The phenomenon would seem to address the popularity of target curves which roll off above 1 kHz or so to keep a room from seeming overly bright.

Any thoughts on the matter? Is the approach valid? Any possibility of an alternate averaging function for REW?









*Quoted from the DRC site.* "Example of a magnitude response envelope. The unsmoothed magnitude response of a typical room, corrected with a flat target, is plotted. Superimposed there is the usual smoothing, computed on the ERB scale, showing an essentially flat magnitude response, as expected. The magnitude response envelope, computed on the ERB scale too using standard parameters, show a rising slope which is in good agreement with the inverse of one of the target responses suggested in the literature."

Link to the DRC site.


----------



## JohnM (Apr 11, 2006)

Denis researches his approach thoroughly so I'm sure he has a sound basis for the methods employed, but there are a lot of tunable parameters in the DRC psychoacoustic target calculation so it's not at all straightforward to say what settings could or should be used to produce any particular response.
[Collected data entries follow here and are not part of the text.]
lemma ob_dom: "arr f \<Longrightarrow> dom f \<in> cat_ob K"
  and ob_cod: "arr f \<Longrightarrow> cod f \<in> cat_ob K"
  using arr_in_hom hom_obs by blast+

lemma arr_id: "A \<in> cat_ob K \<Longrightarrow> arr (cat_id K A)"
  and dom_id: "A \<in> cat_ob K \<Longrightarrow> dom (cat_id K A) = A"
  and cod_id: "A \<in> cat_ob K \<Longrightarrow> cod (cat_id K A) = A"
  using in_homD id_in_hom by blast+

lemma arr_comp: "arr f \<Longrightarrow> arr g \<Longrightarrow> dom g = cod f \<Longrightarrow> arr (g \<cdot> f)"
  and dom_comp: "arr f \<Longrightarrow> arr g \<Longrightarrow> dom g = cod f \<Longrightarrow> dom (g \<cdot> f) = dom f"
  and cod_comp: "arr f \<Longrightarrow> arr g \<Longrightarrow> dom g = cod f \<Longrightarrow> cod (g \<cdot> f) = cod g"
  using in_homD arr_in_hom comp_in_hom by metis+

lemma arr_p1: "A \<in> cat_ob K \<Longrightarrow> B \<in> cat_ob K \<Longrightarrow> arr (cat_p1 K A B)"
  and dom_p1: "A \<in> cat_ob K \<Longrightarrow> B \<in> cat_ob K \<Longrightarrow> dom (cat_p1 K A B) = cat_prod K A B"
  and cod_p1: "A \<in> cat_ob K \<Longrightarrow> B \<in> cat_ob K \<Longrightarrow> cod (cat_p1 K A B) = A"
  and arr_p2: "A \<in> cat_ob K \<Longrightarrow> B \<in> cat_ob K \<Longrightarrow> arr (cat_p2 K A B)"
  and dom_p2: "A \<in> cat_ob K \<Longrightarrow> B \<in> cat_ob K \<Longrightarrow> dom (cat_p2 K A B) = cat_prod K A B"
  and cod_p2: "A \<in> cat_ob K \<Longrightarrow> B \<in> cat_ob K \<Longrightarrow> cod (cat_p2 K A B) = B"
  using in_homD p1_in_hom p2_in_hom by blast+

lemma pair_in_hom_arr:
  "arr f \<Longrightarrow> arr g \<Longrightarrow> dom f = dom g \<Longrightarrow> cat_pair K f g \<in> cat_hom K (dom f) (cat_prod K (cod f) (cod g))"
  using pair_in_hom arr_in_hom ob_cod by metis

lemma arr_pair: "arr f \<Longrightarrow> arr g \<Longrightarrow> dom f = dom g \<Longrightarrow> arr (cat_pair K f g)"
  and dom_pair: "arr f \<Longrightarrow> arr g \<Longrightarrow> dom f = dom g \<Longrightarrow> dom (cat_pair K f g) = dom f"
  and cod_pair: "arr f \<Longrightarrow> arr g \<Longrightarrow> dom f = dom g \<Longrightarrow>
    cod (cat_pair K f g) = cat_prod K (cod f) (cod g)"
  using pair_in_hom_arr in_homD by blast+

lemma arr_bang: "A \<in> cat_ob K \<Longrightarrow> arr (cat_bang K A)"
  and dom_bang: "A \<in> cat_ob K \<Longrightarrow> dom (cat_bang K A) = A"
  and cod_bang: "A \<in> cat_ob K \<Longrightarrow> cod (cat_bang K A) = cat_one K"
  using in_homD bang_in_hom by blast+

lemma cat_comp_assoc: "arr f \<Longrightarrow> arr g \<Longrightarrow> arr h \<Longrightarrow> dom g = cod f \<Longrightarrow> dom h = cod g \<Longrightarrow>
    (h \<cdot> g) \<cdot> f = h \<cdot> g \<cdot> f"
  using comp_assoc_hom arr_in_hom by metis

lemma cat_id_comp: "arr f \<Longrightarrow> cod f = B \<Longrightarrow> cat_id K B \<cdot> f = f"
  and cat_comp_id: "arr f \<Longrightarrow> dom f = A \<Longrightarrow> f \<cdot> cat_id K A = f"
  using id_comp_hom comp_id_hom arr_in_hom by metis+

lemma p1_pair: "arr f \<Longrightarrow> arr g \<Longrightarrow> dom f = dom g \<Longrightarrow> cod f = A \<Longrightarrow> cod g = B \<Longrightarrow>
    cat_p1 K A B \<cdot> cat_pair K f g = f"
  and p2_pair: "arr f \<Longrightarrow> arr g \<Longrightarrow> dom f = dom g \<Longrightarrow> cod f = A \<Longrightarrow> cod g = B \<Longrightarrow>
    cat_p2 K A B \<cdot> cat_pair K f g = g"
  using p1_pair_hom p2_pair_hom arr_in_hom ob_cod by metis+

lemma pair_p1_p2:
  assumes "arr h" "cod h = cat_prod K A B" "A \<in> cat_ob K" "B \<in> cat_ob K"
  shows "cat_pair K (cat_p1 K A B \<cdot> h) (cat_p2 K A B \<cdot> h) = h"
proof -
  have "h \<in> cat_hom K (dom h) (cat_prod K A B)"
    using assms arr_in_hom by metis
  then show ?thesis
    using assms pair_unique p1_in_hom p2_in_hom comp_in_hom by metis
qed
I'm not convinced that this is an explanation for targets that roll off at high frequencies, since such targets reflect typical listening position measurement results - there is usually more absorption at HF in rooms.


----------



## AudiocRaver (Jun 6, 2012)

Is there any reason to believe that an averaging method that rides more toward the peaks might be more psychoacoustically accurate?


----------



## Wayne A. Pflughaupt (Apr 13, 2006)

I have my doubts. 

If you have speakers with bi-wiring terminals, here’s an easy test you can do that takes the averaging effect of a measurement system totally out of the equation. Play a pink noise signal through the tweeter, then mid/woof, and then your subwoofer, and measure each with a SPL meter with C-weighting. I’ll bet you a gift certificate for your favorite restaurant that you’ll find the subwoofer gets the highest figure, and the tweet gets the lowest. 

Regards,
Wayne


----------



## AudiocRaver (Jun 6, 2012)

Wayne A. Pflughaupt said:


> I have my doubts.
> 
> If you have speakers with bi-wiring terminals, here’s an easy test you can do that takes the averaging effect of a measurement system totally out of the equation. Play a pink noise signal through the tweeter, then mid/woof, and then your subwoofer, and measure each with a SPL meter with C-weighting. I’ll bet you a gift certificate for your favorite restaurant that you’ll find the subwoofer gets the highest figure, and the tweet gets the lowest.
> 
> ...


Sorry, Wayne, I honestly do not understand how your example relates to my question. No worries. I should have said smoothing, although averaging of some kind is involved in the smoothing algorithm, in the way a raw measurement sweep, with its wild high-frequency variations of 20 dB and more, is processed and what weighting is applied to the individual measurements, and over what averaging window, or band, to arrive at a smoothed version of the sweep.


----------



## Wayne A. Pflughaupt (Apr 13, 2006)

It’s possible I misunderstood your original post. To clarify, when you said...


AudiocRaver said:


> The phenomenon would seem to address the popularity of target curves which roll off above 1 kHz or so to keep a room from seeming overly bright.


...were you saying that you wonder if the more common way of averaging is why people typically roll out response above 1 kHz in their rooms (e.g. the black line that rides down the center of the graph, rather than the upper blue line)?

Regards, 
Wayne


----------



## AudiocRaver (Jun 6, 2012)

Was wondering if that might be a contributor to the phenomenon, as suggested by Denis S., DRC author. Understood there are other factors, like room liveness.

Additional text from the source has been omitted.